** Exercise inputs follows **

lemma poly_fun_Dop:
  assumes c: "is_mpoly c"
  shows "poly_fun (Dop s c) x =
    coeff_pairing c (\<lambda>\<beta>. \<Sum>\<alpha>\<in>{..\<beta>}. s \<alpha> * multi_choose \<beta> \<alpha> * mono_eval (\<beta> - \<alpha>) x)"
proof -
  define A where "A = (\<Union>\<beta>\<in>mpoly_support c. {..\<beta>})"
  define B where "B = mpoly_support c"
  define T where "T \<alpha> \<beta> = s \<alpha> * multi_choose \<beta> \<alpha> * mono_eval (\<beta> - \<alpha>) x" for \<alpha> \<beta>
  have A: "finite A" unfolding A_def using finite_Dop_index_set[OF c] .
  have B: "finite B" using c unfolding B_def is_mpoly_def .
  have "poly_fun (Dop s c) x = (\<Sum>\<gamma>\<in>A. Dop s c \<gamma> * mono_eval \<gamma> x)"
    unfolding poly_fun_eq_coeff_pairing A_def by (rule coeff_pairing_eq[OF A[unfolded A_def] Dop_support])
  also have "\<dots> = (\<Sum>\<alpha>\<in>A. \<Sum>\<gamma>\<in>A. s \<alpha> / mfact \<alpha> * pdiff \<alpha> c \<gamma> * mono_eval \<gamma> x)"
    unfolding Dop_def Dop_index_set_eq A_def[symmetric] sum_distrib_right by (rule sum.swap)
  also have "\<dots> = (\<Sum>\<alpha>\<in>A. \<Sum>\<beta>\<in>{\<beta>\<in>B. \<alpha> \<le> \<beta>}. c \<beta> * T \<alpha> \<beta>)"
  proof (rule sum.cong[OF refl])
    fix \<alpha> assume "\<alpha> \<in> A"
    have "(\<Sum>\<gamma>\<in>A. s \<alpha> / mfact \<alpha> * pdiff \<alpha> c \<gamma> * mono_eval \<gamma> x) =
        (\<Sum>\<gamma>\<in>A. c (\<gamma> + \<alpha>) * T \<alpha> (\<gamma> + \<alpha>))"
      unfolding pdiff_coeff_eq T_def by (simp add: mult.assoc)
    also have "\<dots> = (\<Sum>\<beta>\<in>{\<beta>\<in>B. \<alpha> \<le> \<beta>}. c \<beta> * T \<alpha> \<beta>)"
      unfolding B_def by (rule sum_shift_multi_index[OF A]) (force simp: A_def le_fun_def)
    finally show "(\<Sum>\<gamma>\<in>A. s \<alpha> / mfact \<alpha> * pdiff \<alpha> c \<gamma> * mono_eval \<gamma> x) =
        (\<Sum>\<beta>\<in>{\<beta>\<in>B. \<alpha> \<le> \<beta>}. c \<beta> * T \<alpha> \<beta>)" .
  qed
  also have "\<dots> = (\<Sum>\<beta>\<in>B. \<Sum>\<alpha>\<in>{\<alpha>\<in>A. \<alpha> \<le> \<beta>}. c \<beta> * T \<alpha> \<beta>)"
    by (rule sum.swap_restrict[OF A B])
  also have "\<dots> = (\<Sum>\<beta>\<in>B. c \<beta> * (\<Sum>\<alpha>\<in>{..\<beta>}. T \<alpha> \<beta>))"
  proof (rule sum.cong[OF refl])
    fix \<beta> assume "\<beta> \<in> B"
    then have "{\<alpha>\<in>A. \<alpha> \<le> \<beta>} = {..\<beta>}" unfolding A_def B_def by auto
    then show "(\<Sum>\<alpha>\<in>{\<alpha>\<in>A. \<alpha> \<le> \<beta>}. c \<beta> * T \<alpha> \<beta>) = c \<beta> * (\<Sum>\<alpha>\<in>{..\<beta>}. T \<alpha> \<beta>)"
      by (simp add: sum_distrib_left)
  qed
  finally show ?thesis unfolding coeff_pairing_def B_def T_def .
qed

** End of Exercise inputs **
** Exercise inputs follows **

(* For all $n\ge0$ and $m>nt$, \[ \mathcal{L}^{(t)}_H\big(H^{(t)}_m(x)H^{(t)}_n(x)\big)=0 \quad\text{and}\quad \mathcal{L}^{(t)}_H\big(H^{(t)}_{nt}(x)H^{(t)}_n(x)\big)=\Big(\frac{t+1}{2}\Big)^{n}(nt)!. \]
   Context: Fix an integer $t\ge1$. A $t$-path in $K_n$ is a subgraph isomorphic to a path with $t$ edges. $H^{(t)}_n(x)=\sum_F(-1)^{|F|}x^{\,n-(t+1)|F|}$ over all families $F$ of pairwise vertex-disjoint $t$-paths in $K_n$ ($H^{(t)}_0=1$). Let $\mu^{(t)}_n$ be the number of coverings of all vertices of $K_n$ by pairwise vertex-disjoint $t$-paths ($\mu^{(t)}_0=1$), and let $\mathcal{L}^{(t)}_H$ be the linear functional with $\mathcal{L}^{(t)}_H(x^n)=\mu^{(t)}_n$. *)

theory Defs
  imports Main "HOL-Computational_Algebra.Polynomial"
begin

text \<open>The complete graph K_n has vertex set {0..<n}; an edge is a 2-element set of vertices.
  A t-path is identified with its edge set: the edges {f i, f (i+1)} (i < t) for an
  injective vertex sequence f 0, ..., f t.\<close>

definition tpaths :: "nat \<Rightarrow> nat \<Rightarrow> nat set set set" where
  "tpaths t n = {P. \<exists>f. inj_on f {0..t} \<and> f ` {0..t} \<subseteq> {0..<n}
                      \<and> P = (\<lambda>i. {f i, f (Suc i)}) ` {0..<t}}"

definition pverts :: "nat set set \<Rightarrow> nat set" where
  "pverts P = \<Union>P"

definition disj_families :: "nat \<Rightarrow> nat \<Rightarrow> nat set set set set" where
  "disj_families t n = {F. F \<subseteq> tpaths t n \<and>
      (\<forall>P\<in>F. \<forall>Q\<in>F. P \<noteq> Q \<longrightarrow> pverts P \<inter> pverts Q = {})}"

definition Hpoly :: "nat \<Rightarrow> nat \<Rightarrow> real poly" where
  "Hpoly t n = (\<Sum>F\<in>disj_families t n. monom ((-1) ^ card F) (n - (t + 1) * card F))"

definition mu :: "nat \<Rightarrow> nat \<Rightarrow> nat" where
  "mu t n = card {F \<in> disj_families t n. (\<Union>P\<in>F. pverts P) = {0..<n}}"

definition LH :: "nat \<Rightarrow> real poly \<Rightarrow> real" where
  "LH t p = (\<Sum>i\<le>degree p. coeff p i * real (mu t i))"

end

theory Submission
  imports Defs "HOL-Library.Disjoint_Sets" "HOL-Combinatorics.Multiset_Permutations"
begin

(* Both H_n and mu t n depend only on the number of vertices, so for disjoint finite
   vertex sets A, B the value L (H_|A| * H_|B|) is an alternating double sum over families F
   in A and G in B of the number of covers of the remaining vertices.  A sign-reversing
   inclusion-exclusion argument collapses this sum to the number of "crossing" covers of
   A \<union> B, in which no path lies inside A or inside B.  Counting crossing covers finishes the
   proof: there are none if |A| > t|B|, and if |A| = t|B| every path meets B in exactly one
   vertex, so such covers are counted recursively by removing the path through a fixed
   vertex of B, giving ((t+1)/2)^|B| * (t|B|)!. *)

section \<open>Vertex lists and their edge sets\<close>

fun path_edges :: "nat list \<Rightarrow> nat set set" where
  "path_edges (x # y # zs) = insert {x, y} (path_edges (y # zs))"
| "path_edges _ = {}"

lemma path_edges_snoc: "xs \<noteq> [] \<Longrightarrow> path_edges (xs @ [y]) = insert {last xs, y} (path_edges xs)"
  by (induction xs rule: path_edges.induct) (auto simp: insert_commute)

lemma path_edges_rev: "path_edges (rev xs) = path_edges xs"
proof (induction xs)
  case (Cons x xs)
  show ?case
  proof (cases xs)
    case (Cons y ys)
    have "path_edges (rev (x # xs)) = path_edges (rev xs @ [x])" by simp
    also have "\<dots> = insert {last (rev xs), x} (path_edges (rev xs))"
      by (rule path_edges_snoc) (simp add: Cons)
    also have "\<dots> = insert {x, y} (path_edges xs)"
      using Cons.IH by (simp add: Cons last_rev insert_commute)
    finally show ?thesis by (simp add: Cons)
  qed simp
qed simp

** End of Exercise inputs **

## Work to be completed
Which lines in the records above contain the string "lambda"? Copy each one.

## Solution for this problem
    coeff_pairing c (\<lambda>\<beta>. \<Sum>\<alpha>\<in>{..\<beta>}. s \<alpha> * multi_choose \<beta> \<alpha> * mono_eval (\<beta> - \<alpha>) x)"
                      \<and> P = (\<lambda>i. {f i, f (Suc i)}) ` {0..<t}}"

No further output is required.